案の定、長期熟成にも十分耐えられる酒質で 5~10年経っても常温熟成であっても豊かな味わいを楽しんでもらえるというのが鷹長菩提酛純米酒の特徴です。


日本酒は、江戸時代からずっと新酒や1~2年熟成のものをブレンドしながら消費されてきからです。あまり長期熟成を視野に入れて造られた酒はありませんでした。一方で、私たちが造っている鷹長菩提酛純米酒のように、元から搾った段階で熟成をさせたいという酒もあります。熟成した時にも味わいを楽しんでいただけるように、乳酸菌と酵母が作る酸で酸性度が高くて且つお米をしっかり溶かしてお米の甘みをたくさん乗せるように味を設計することで、甘酸っぱい酒になります。甘酸っぱい酒というのは、長期熟成にも耐えやすく、長期的に熟成させても美味しいというのは自分の経験の中でもあります。

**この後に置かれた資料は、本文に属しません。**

(* Let $f:\mathbb{R}\times[0,1]\to\mathbb{R}$ be measurable, let $\mu_0\in\mathbb{R}$ be fixed, let $(\xi_t)_{t\ge 0}$ be independent random variables each uniformly distributed on $[0,1]$, and define $\mu_{t+1}=\mu_t+f(\mu_t,\xi_t)$ for $t\ge 0$. Let $F(\mu,x)=\mathbb{P}_{\xi\sim U([0,1])}(f(\mu,\xi)\le x)$ and $\bar f(\mu)=\mathbb{E}_{\xi\sim U([0,1])}[f(\mu,\xi)]$. Assume that $F$ is continuous at $(\mu,0)$ for every $\mu\in\mathbb{R}$, and that there exists $\mu_\circ\in\mathbb{R}$ such that $F(\mu,0)<1$ for all $\mu\ge\mu_\circ$ and $F(\mu,0)>0$ for all $\mu\le\mu_\circ$. Assume additionally that there exists $c\in\mathbb{R}$ such that $|\mu_{t+1}-\mu_t|\le c$ almost surely for all $t$, and that there exists $\epsilon>0$ such that $\bar f(\mu)>\epsilon$ for all sufficiently large $\mu$ and $\bar f(\mu)<-\epsilon$ for all sufficiently small (i.e. sufficiently negative) $\mu$. Then almost surely either $\lim_{t\to\infty}\mu_t=\infty$ or $\lim_{t\to\infty}\mu_t=-\infty$.
   Context: $U([0,1])$ denotes the uniform distribution on $[0,1]$. The sequence $(\mu_t)$ models a user's interest in a fixed item over time; the conclusion is called strong degeneracy. *)

theory Defs
  imports "HOL-Probability.Probability"
begin

primrec proc :: "(real \<Rightarrow> real \<Rightarrow> real) \<Rightarrow> real \<Rightarrow> (nat \<Rightarrow> 'a \<Rightarrow> real) \<Rightarrow> nat \<Rightarrow> 'a \<Rightarrow> real" where
  "proc f m0 \<xi> 0 \<omega> = m0"
| "proc f m0 \<xi> (Suc t) \<omega> = proc f m0 \<xi> t \<omega> + f (proc f m0 \<xi> t \<omega>) (\<xi> t \<omega>)"

definition U01 :: "real measure" where
  "U01 = uniform_measure lborel {0..1}"

definition cdfF :: "(real \<Rightarrow> real \<Rightarrow> real) \<Rightarrow> real \<Rightarrow> real \<Rightarrow> real" where
  "cdfF f m x = measure U01 {u \<in> space U01. f m u \<le> x}"

definition fbar :: "(real \<Rightarrow> real \<Rightarrow> real) \<Rightarrow> real \<Rightarrow> real" where
  "fbar f m = integral\<^sup>L U01 (\<lambda>u. f m u)"

end

theory Submission
  imports Defs
begin

(*
  The process is realised on the canonical space of i.i.d. uniform sequences, where it is
  a Markov chain. Replacing f by the rule of -mu_t reduces escape downwards to escape upwards.

  Above a level K the drift makes exp (-l mu_t) a supermartingale for small l > 0, so from
  any point above K + ln 2 / l the chain stays above K forever with probability >= 1/2.
  Continuity of F at (mu, 0) together with F(mu, 0) < 1 yields, uniformly on compact sets, an
  upward step of size >= delta with probability >= eta; hence from every point >= mu_o the
  chain reaches that height and then stays above K with probability bounded below. With the
  reflected argument: for every K there are N and q > 0 such that from any starting point
  |mu_t| > K for all t >= N with probability >= q.

  By the Markov property a visit to [-K, K] at time r is, with probability >= q, followed by
  no visit after time r + N; a path makes at most N visits of this kind, so the probabilities
  of visits are summable and Borel-Cantelli gives |mu_t| -> infinity almost surely. Bounded
  increments then prevent the sign of mu_t from changing infinitely often.
*)

lemma exp_le_quadratic:
  fixes t :: real
  assumes "\<bar>t\<bar> \<le> 1"
  shows "exp t \<le> 1 + t + t\<^sup>2"
proof (cases "0 \<le> t")
  case True
  then show ?thesis using exp_bound[of t] assms by simp
next
  case False
  have "1 - t \<le> exp (- t)"
    using exp_ge_add_one_self[of "- t"] by simp
  then have "exp t \<le> 1 / (1 - t)"
    using False by (simp add: exp_minus field_simps)
  also have "\<dots> \<le> 1 + t + t\<^sup>2"
    using False assms mult_nonpos_nonneg[of t "t * t"] by (simp add: field_simps power2_eq_square)
  finally show ?thesis .
qed

lemma emeasure_mult_le_nn_integral:
  assumes "D \<in> sets M" and "AE x in M. x \<in> D \<longrightarrow> p \<le> g x"
  shows "p * emeasure M D \<le> (\<integral>\<^sup>+ x. g x \<partial>M)"
proof -
  have "p * emeasure M D = (\<integral>\<^sup>+ x. p * indicator D x \<partial>M)"
    using assms(1) by (simp add: nn_integral_cmult_indicator)
  also have "\<dots> \<le> (\<integral>\<^sup>+ x. g x \<partial>M)"
    using assms(2)
    by (intro nn_integral_mono_AE) (auto elim!: eventually_mono split: split_indicator)
  finally show ?thesis .
qed

lemma emeasure_distr_pair_measure:
  assumes "pair_sigma_finite M1 M2" and g: "g \<in> measurable (M1 \<Otimes>\<^sub>M M2) N" and A: "A \<in> sets N"
  shows "emeasure (distr (M1 \<Otimes>\<^sub>M M2) N g) A
    = (\<integral>\<^sup>+ x. emeasure M2 {y \<in> space M2. g (x, y) \<in> A} \<partial>M1)"
proof -
  interpret pair_sigma_finite M1 M2 by fact
  have "emeasure (distr (M1 \<Otimes>\<^sub>M M2) N g) A = emeasure (M1 \<Otimes>\<^sub>M M2) (g -` A \<inter> space (M1 \<Otimes>\<^sub>M M2))"
    by (rule emeasure_distr[OF g A])
  also have "\<dots> = (\<integral>\<^sup>+ x. emeasure M2 (Pair x -` (g -` A \<inter> space (M1 \<Otimes>\<^sub>M M2))) \<partial>M1)"
    by (rule M2.emeasure_pair_measure_alt) (rule measurable_sets[OF g A])
  also have "\<dots> = (\<integral>\<^sup>+ x. emeasure M2 {y \<in> space M2. g (x, y) \<in> A} \<partial>M1)"
    by (auto simp: space_pair_measure intro!: nn_integral_cong arg_cong[where f="emeasure M2"])
  finally show ?thesis .
qed

lemma AE_distr_pair_measure:
  assumes "pair_sigma_finite M1 M2" and g: "g \<in> measurable (M1 \<Otimes>\<^sub>M M2) N"
    and "AE z in distr (M1 \<Otimes>\<^sub>M M2) N g. P z"
  shows "AE x in M1. AE y in M2. P (g (x, y))"
proof -
  interpret pair_sigma_finite M1 M2 by fact
  have "AE z in M1 \<Otimes>\<^sub>M M2. P (g z)"
    by (rule AE_distrD[OF g assms(3)])
  from AE_pair[OF this] show ?thesis by simp
qed

lemma card_sparse_le:
  assumes "\<And>r s. P r \<Longrightarrow> N \<le> s \<Longrightarrow> \<not> P (r + s)"
  shows "card {r\<in>{..<n}. P r} \<le> N"
proof (cases "{r\<in>{..<n}. P r} = {}")
  case False
  let ?R = "{r\<in>{..<n}. P r}"
  have "?R \<subseteq> {Min ?R..<Min ?R + N}"
  proof
    fix r assume r: "r \<in> ?R"
    have "Min ?R \<in> ?R" "Min ?R \<le> r"
      using Min_in[OF _ False] Min_le[OF _ r] by auto
    with assms[of "Min ?R" "r - Min ?R"] r show "r \<in> {Min ?R..<Min ?R + N}"
      by force
  qed
  from card_mono[OF _ this] show ?thesis
    by simp
qed (metis card.empty le0)

lemma (in prob_space) sum_prob_le_if_card_le:
  fixes A :: "nat \<Rightarrow> 'a set"
  assumes A: "\<And>r. A r \<in> events" and card: "\<And>x. card {r\<in>{..<n}. x \<in> A r} \<le> N"
  shows "(\<Sum>r<n. prob (A r)) \<le> N"
proof -
  have "(\<Sum>r<n. prob (A r)) = expectation (\<lambda>x. \<Sum>r<n. indicator (A r) x)"
    using A by (simp add: Bochner_Integration.integral_sum emeasure_eq_measure)
  also have "\<dots> \<le> expectation (\<lambda>x. real N)"
  proof (intro integral_mono)
    fix x
    have "(\<Sum>r<n. indicator (A r) x :: real) = (\<Sum>r<n. of_bool (x \<in> A r))"
      by (simp add: indicator_def)
    also have "\<dots> = card ({..<n} \<inter> {r. x \<in> A r})"
      by (rule sum_of_bool_eq) simp_all
    finally have "(\<Sum>r<n. indicator (A r) x :: real) = card {r\<in>{..<n}. x \<in> A r}"
      by (simp add: Collect_conj_eq lessThan_def)
    with card show "(\<Sum>r<n. indicator (A r) x) \<le> real N"
      by (metis of_nat_le_iff)
  qed (use A in \<open>auto simp: emeasure_eq_measure\<close>)
  finally show ?thesis
    by (simp add: prob_space)
qed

シェリー酒を頂いた時に、ドライなシェリーを熟成した物よりも甘いシェリーを熟成した方が私は好きでした。そういうところを少し意識しているのと、室町時代の人は熟成せずともこういった甘味と酸味の強い酒を呑んでいたのではないかと意識しながら造って、販売しています。ごく少量なのですが、鷹長菩提酛純米酒を甕に入れて常温熟成しているお酒もあります。案の定、長期熟成にも十分耐えられる酒質で5~10年経っても常温熟成であっても豊かな味わいを楽しんでもらえるというのが鷹長菩提酛純米酒の特徴です。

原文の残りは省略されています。